Saved entries

......

(* Let $b\ge a>0$ and $m\in\mathbb{R}$, and let $f$ be a function on $(0,\infty)$ which is nonnegative and increasing on $(0,b)$ and satisfies $f(x)\ge m$ for $x\ge b$. Then for every $\xi>0$, \[f(a)\le\frac{e^{a\xi}\,\xi\,\mathcal{L}f(\xi)-m\,e^{-(b-a)\xi}}{1-e^{-(b-a)\xi}}.\]
   Context: $\mathcal{L}f(\xi)=\int_0^\infty e^{-\xi x}f(x)\,dx$ denotes the Laplace transform (assumed finite). *)

theory Defs
  imports "HOL-Analysis.Analysis"
begin

definition laplace :: "(real \<Rightarrow> real) \<Rightarrow> real \<Rightarrow> real" where
  "laplace f \<xi> = (LBINT x:{0<..}. exp (- \<xi> * x) * f x)"

end

theory Submission
  imports Defs
begin

text \<open>Split the Laplace integral at \<open>a\<close> and \<open>b\<close>. On \<open>(0, a)\<close> the integrand is nonnegative, on
  \<open>[a, b)\<close> monotonicity gives \<open>f x \<ge> f a\<close>, and on \<open>[b, \<infinity>)\<close> we have \<open>f x \<ge> m\<close>. Integrating the
  exponential weight over the last two pieces yields
  \<open>\<xi> \<L>f(\<xi>) \<ge> f(a) (exp(-a\<xi>) - exp(-b\<xi>)) + m exp(-b\<xi>)\<close>, which rearranges to the claim.\<close>

lemma set_integrable_exp_neg_atLeast:
  fixes \<xi> c :: real
  assumes "0 < \<xi>"
  shows "set_integrable lborel {c..} (\<lambda>x. exp (- \<xi> * x))"
proof -
  have "(\<lambda>x. exp (- \<xi> * x)) absolutely_integrable_on {c..}"
    by (intro nonnegative_absolutely_integrable_1 integrable_on_exp_minus_to_infinity assms) auto
  then show ?thesis
    unfolding set_integrable_def
    by (subst (asm) integrable_completion)
       (auto intro!: borel_measurable_continuous_on_indicator continuous_intros)
qed

lemma set_integral_exp_neg_atLeast:
  fixes \<xi> c :: real
  assumes "0 < \<xi>"
  shows "(LINT x:{c..}|lborel. exp (- \<xi> * x)) = exp (- \<xi> * c) / \<xi>"
  using set_borel_integral_eq_integral(2)[OF set_integrable_exp_neg_atLeast[OF assms]]
    has_integral_exp_minus_to_infinity[OF assms]
  by (simp add: integral_unique)

lemma set_integral_Un_disjoint:
  fixes g :: "'a \<Rightarrow> real"
  assumes "set_integrable M (A \<union> B) g" "A \<inter> B = {}" "A \<in> sets M" "B \<in> sets M"
  shows "(LINT x:A \<union> B|M. g x) = (LINT x:A|M. g x) + (LINT x:B|M. g x)"
  using assms by (intro set_integral_Un set_integrable_subset[OF assms(1)]) auto

lemma set_integral_exp_neg_atLeastLessThan:
  fixes \<xi> c d :: real
  assumes "0 < \<xi>" "c \<le> d"
  shows "(LINT x:{c..<d}|lborel. exp (- \<xi> * x)) = (exp (- \<xi> * c) - exp (- \<xi> * d)) / \<xi>"
proof -
  have decomp: "{c..} = {c..<d} \<union> {d..}"
    using assms(2) by auto
  have "(LINT x:{c..}|lborel. exp (- \<xi> * x))
      = (LINT x:{c..<d}|lborel. exp (- \<xi> * x)) + (LINT x:{d..}|lborel. exp (- \<xi> * x))"
    unfolding decomp
    by (rule set_integral_Un_disjoint)
      (use set_integrable_exp_neg_atLeast[OF assms(1), of c] decomp in auto)
  then show ?thesis
    using set_integral_exp_neg_atLeast[OF assms(1), of c] set_integral_exp_neg_atLeast[OF assms(1), of d]
    by (simp add: diff_divide_distrib)
qed

lemma set_integral_weighted_ge_const:
  fixes w g :: "'a \<Rightarrow> real"
  assumes "set_integrable M A w" "set_integrable M A (\<lambda>x. w x * g x)"
    and "\<And>x. x \<in> A \<Longrightarrow> 0 \<le> w x" "\<And>x. x \<in> A \<Longrightarrow> c \<le> g x"
  shows "c * (LINT x:A|M. w x) \<le> (LINT x:A|M. w x * g x)"
proof -
  have "(LINT x:A|M. c * w x) \<le> (LINT x:A|M. w x * g x)"
    using assms by (intro set_integral_mono set_integrable_mult_right)
      (auto simp: mult.commute mult_right_mono)
  then show ?thesis
    by simp
qed

lemma laplace_ge_step_bound:
  fixes f :: "real \<Rightarrow> real" and a b m \<xi> :: real
  assumes "0 < a" "a < b"
    and nonneg: "\<And>x. 0 < x \<Longrightarrow> x < b \<Longrightarrow> 0 \<le> f x"
    and mono: "mono_on {0<..<b} f"
    and tail: "\<And>x. b \<le> x \<Longrightarrow> m \<le> f x"
    and "0 < \<xi>"
    and integrable: "set_integrable lborel {0<..} (\<lambda>x. exp (- \<xi> * x) * f x)"
  shows "f a * (exp (- \<xi> * a) - exp (- \<xi> * b)) + m * exp (- \<xi> * b) \<le> \<xi> * laplace f \<xi>"
proof -
  let ?E = "\<lambda>x. exp (- \<xi> * x)" and ?F = "\<lambda>x. exp (- \<xi> * x) * f x"
  have integrable_on: "set_integrable lborel S ?F" if "S \<subseteq> {0<..}" "S \<in> sets lborel" for S
    using set_integrable_subset[OF integrable] that by blast
  have E_integrable_on: "set_integrable lborel S ?E" if "S \<subseteq> {0..}" "S \<in> sets lborel" for S
    using set_integrable_subset[OF set_integrable_exp_neg_atLeast[OF \<open>0 < \<xi>\<close>]] that by blast
  have "{0<..} = ({0<..<a} \<union> {a..<b}) \<union> {b..}"
    using assms(1,2) by auto
  then have "laplace f \<xi>
      = (LINT x:{0<..<a} \<union> {a..<b}|lborel. ?F x) + (LINT x:{b..}|lborel. ?F x)"
    unfolding laplace_def
    by (simp only:) (rule set_integral_Un_disjoint; use integrable_on assms(1,2) in auto)
  also have "(LINT x:{0<..<a} \<union> {a..<b}|lborel. ?F x)
      = (LINT x:{0<..<a}|lborel. ?F x) + (LINT x:{a..<b}|lborel. ?F x)"
    using assms(1) by (intro set_integral_Un_disjoint integrable_on) auto
  finally have split: "laplace f \<xi> = (LINT x:{0<..<a}|lborel. ?F x) + (LINT x:{a..<b}|lborel. ?F x)
      + (LINT x:{b..}|lborel. ?F x)" .
  have "0 * (LINT x:{0<..<a}|lborel. ?E x) \<le> (LINT x:{0<..<a}|lborel. ?F x)"
    using nonneg assms(2)
    by (intro set_integral_weighted_ge_const integrable_on E_integrable_on) auto
  moreover have "f a * (LINT x:{a..<b}|lborel. ?E x) \<le> (LINT x:{a..<b}|lborel. ?F x)"
    using assms(1,2) by (intro set_integral_weighted_ge_const integrable_on E_integrable_on)
      (auto intro: mono_onD[OF mono])
  moreover have "m * (LINT x:{b..}|lborel. ?E x) \<le> (LINT x:{b..}|lborel. ?F x)"
    using assms(1,2) by (intro set_integral_weighted_ge_const integrable_on E_integrable_on tail) auto
  ultimately have "f a * ((exp (- \<xi> * a) - exp (- \<xi> * b)) / \<xi>) + m * (exp (- \<xi> * b) / \<xi>)
      \<le> laplace f \<xi>"
    using split
    unfolding set_integral_exp_neg_atLeastLessThan[OF \<open>0 < \<xi>\<close> less_imp_le[OF \<open>a < b\<close>]]
      set_integral_exp_neg_atLeast[OF \<open>0 < \<xi>\<close>]
    by linarith
  then show ?thesis
    using \<open>0 < \<xi>\<close> by (simp add: field_simps)
qed

theorem proposition2p13:
  fixes f :: "real \<Rightarrow> real" and a b m \<xi> :: real
  assumes "0 < a" and "a < b"
    and "\<And>x. 0 < x \<Longrightarrow> x < b \<Longrightarrow> 0 \<le> f x"
    and "mono_on {0<..<b} f"
    and "\<And>x. b \<le> x \<Longrightarrow> m \<le> f x"
    and "0 < \<xi>"
    and "set_integrable lborel {0<..} (\<lambda>x. exp (- \<xi> * x) * f x)"
  shows "f a \<le> (exp (a * \<xi>) * \<xi> * laplace f \<xi> - m * exp (- (b - a) * \<xi>))
                 / (1 - exp (- (b - a) * \<xi>))"
proof -
  let ?q = "exp (- (b - a) * \<xi>)"
  have "exp (a * \<xi>) * (f a * (exp (- \<xi> * a) - exp (- \<xi> * b)) + m * exp (- \<xi> * b))
      \<le> exp (a * \<xi>) * (\<xi> * laplace f \<xi>)"
    using laplace_ge_step_bound[OF assms] by simp
  moreover have "exp (a * \<xi>) * exp (- \<xi> * a) = 1" "exp (a * \<xi>) * exp (- \<xi> * b) = ?q"
    by (simp_all flip: exp_add) (simp_all add: algebra_simps)
  ultimately have "f a * (1 - ?q) + m * ?q \<le> exp (a * \<xi>) * \<xi> * laplace f \<xi>"
    by (simp add: algebra_simps)
  moreover have "0 < 1 - ?q"
    using assms(2,6) by (simp add: mult_neg_pos)
  ultimately show ?thesis
    by (simp add: pos_le_divide_eq)
qed

end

......

Problem to solve
Copy out each line of the data that holds the string "decomp".

Your response
  have decomp: "{c..} = {c..<d} \<union> {d..}"
    unfolding decomp
      (use set_integrable_exp_neg_atLeast[OF assms(1), of c] decomp in auto)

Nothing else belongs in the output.